Currently, U.S. pork exports to Peru are restricted by duties as high as 25 percent. Under the PTA, tariffs would be reduced on all pork products, with some products receiving unlimited duty-free access upon implementation of the agreement and many other products getting reductions over a five-year period. All pork tariffs would be phased out in 10 years. Significant sanitary and technical issues also were resolved in the agreement, including recognition by Peru of the U.S. meat inspection system as equivalent to its own, which means that all USDA-approved pork facilities will be eligible to export pork to Peru.

An analysis conducted by Iowa State University economist Dermot Hayes found that when the agreement is fully phased in, U.S. pork exports to Peru would raise U.S. live hog prices by 83 cents a head, increasing producers’ profits by 7 percent.

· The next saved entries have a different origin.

lemma weakly_singular_integral_le:
  fixes E :: "real \<Rightarrow> real" and c k T M :: real
  assumes c: "0 < c" "c < 1" and k: "0 < k" and T: "2 * k \<le> T"
    and E_meas: "E \<in> borel_measurable borel"
    and E_le: "\<And>x. 0 \<le> x \<Longrightarrow> \<bar>E x\<bar> \<le> M * (x + k) powr (-1 - c)"
  defines "F \<equiv> \<lambda>x. (T - x) powr (c - 1) * E x"
  shows "F integrable_on {0..T}"
    and "integral {0..T} F \<le> 8 / c * M * k powr (- c) * (T - k) powr (c - 1)"
proof -
  have "0 \<le> M * k powr (-1 - c)" using E_le[of 0] by simp
  then have M: "0 \<le> M" using k by (simp add: zero_le_mult_iff)
  define K where "K = k powr (- c) * (T - k) powr (c - 1)"
  define A where "A = (T / 2) powr (c - 1)"
  define B where "B = M * (T / 2 + k) powr (-1 - c)"
  define H where "H x = A * (M * (x + k) powr (-1 - c)) + B * (T - x) powr (c - 1)" for x
  define IH where "IH = A * (M * ((k powr (- c) - (T + k) powr (- c)) / c)) + B * (T powr c / c)"
  have A_nonneg: "0 \<le> A" and B_nonneg: "0 \<le> B" using M by (simp_all add: A_def B_def)
  have H_int: "(H has_integral IH) {0..T}"
    unfolding H_def IH_def using k c T
    by (intro has_integral_add has_integral_mult_right has_integral_powr_shifted
        has_integral_powr_reflected) auto
  \<comment> \<open>the kernel is at most A left of T/2, the error bound at most B right of it\<close>
  have F_le_H: "\<bar>F x\<bar> \<le> H x" if x: "x \<in> {0..T}" for x
  proof -
    have kernel: "0 \<le> (T - x) powr (c - 1)" and err: "0 \<le> M * (x + k) powr (-1 - c)"
      using M by simp_all
    have "\<bar>F x\<bar> \<le> (T - x) powr (c - 1) * (M * (x + k) powr (-1 - c))"
      using E_le[of x] x by (simp add: F_def abs_mult mult_left_mono)
    moreover have "(T - x) powr (c - 1) \<le> A \<or> M * (x + k) powr (-1 - c) \<le> B"
      using x k c M by (cases "x \<le> T / 2") (auto simp: A_def B_def intro!: powr_mono2' mult_left_mono)
    then have "(T - x) powr (c - 1) * (M * (x + k) powr (-1 - c)) \<le> H x"
      unfolding H_def using kernel err A_nonneg B_nonneg by (rule mult_le_add_if_le_either)
    ultimately show ?thesis by linarith
  qed
  have "F \<in> borel_measurable (lebesgue_on {0..T})"
    using E_meas unfolding F_def by (simp add: measurable_completion measurable_restrict_space1)
  then show F_int: "F integrable_on {0..T}"
    by (rule measurable_bounded_by_integrable_imp_integrable_real[OF _ _ F_le_H])
      (use H_int in auto)
  have "integral {0..T} F \<le> IH"
    using integral_le[OF F_int _ abs_le_D1[OF F_le_H]] H_int
    by (simp add: has_integral_integrable integral_unique)
  also have "IH \<le> 8 / c * M * K"
  proof -
    have "(T + k) powr (- c) \<le> k powr (- c)"
      using k T c by (intro powr_mono2') auto
    then have "A * (M * (k powr (- c) - (T + k) powr (- c)))
        \<le> 2\<^sup>2 * (T - k) powr (c - 1) * (M * k powr (- c))"
      unfolding A_def using k T c M by (intro mult_mono mult_left_mono powr_nonpos_le_scaled) auto
    then have left: "A * (M * (k powr (- c) - (T + k) powr (- c))) \<le> 4 * M * K"
      by (simp add: K_def mult_ac)
    have "B * T powr c \<le> M * (2\<^sup>2 * T powr (-1 - c)) * T powr c"
      unfolding B_def using k T c M by (intro mult_right_mono mult_left_mono powr_nonpos_le_scaled) auto
    also have "\<dots> = 4 * M * (T powr (-1 - c) * T powr c)"
      by (simp add: mult_ac)
    also have "\<dots> = 4 * M * (1 / T)"
      using k T by (simp add: powr_minus_divide flip: powr_add)
    also have "1 / T \<le> K"
      unfolding K_def using k T c by (intro inverse_le_powr_mult) auto
    then have "4 * M * (1 / T) \<le> 4 * M * K"
      using M by (intro mult_left_mono) auto
    finally have right: "B * T powr c \<le> 4 * M * K" .
    have "IH = (A * (M * (k powr (- c) - (T + k) powr (- c))) + B * T powr c) / c"
      by (simp add: IH_def add_divide_distrib)
    also have "\<dots> \<le> (4 * M * K + 4 * M * K) / c"
      using c by (intro divide_right_mono add_mono left right) simp
    finally show ?thesis by (simp add: mult_ac)
  qed
  finally show "integral {0..T} F \<le> 8 / c * M * k powr (- c) * (T - k) powr (c - 1)"
    by (simp add: K_def mult.assoc)
qed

Just as important, Philippi testified, is the impact of the agreement on income growth in Peru. Most consumers in the Andean nation currently are at income levels that do not allow them to consume meat on a regular basis, she pointed out to the committee. Prosperity created by a free trade agreement will create millions of new customers for U.S. meat and other agricultural products.

“The aggressive market-access provisions coupled with the agreement on equivalence make the Peru agreement a state-of-the-art agreement for pork producers to which all future FTAs will be compared,” Philippi told the committee. “It is imperative that Congress approve the agreement not only because it provides producers a means to export significant amounts of pork to Peru but also because it sets a high standard for future trade agreements.”

Peru’s Congress approved the trade pact Wednesday on a 79-14 vote. The country’s president-elect, Alan Garcia, who will be sworn into office July 28, supports the agreement.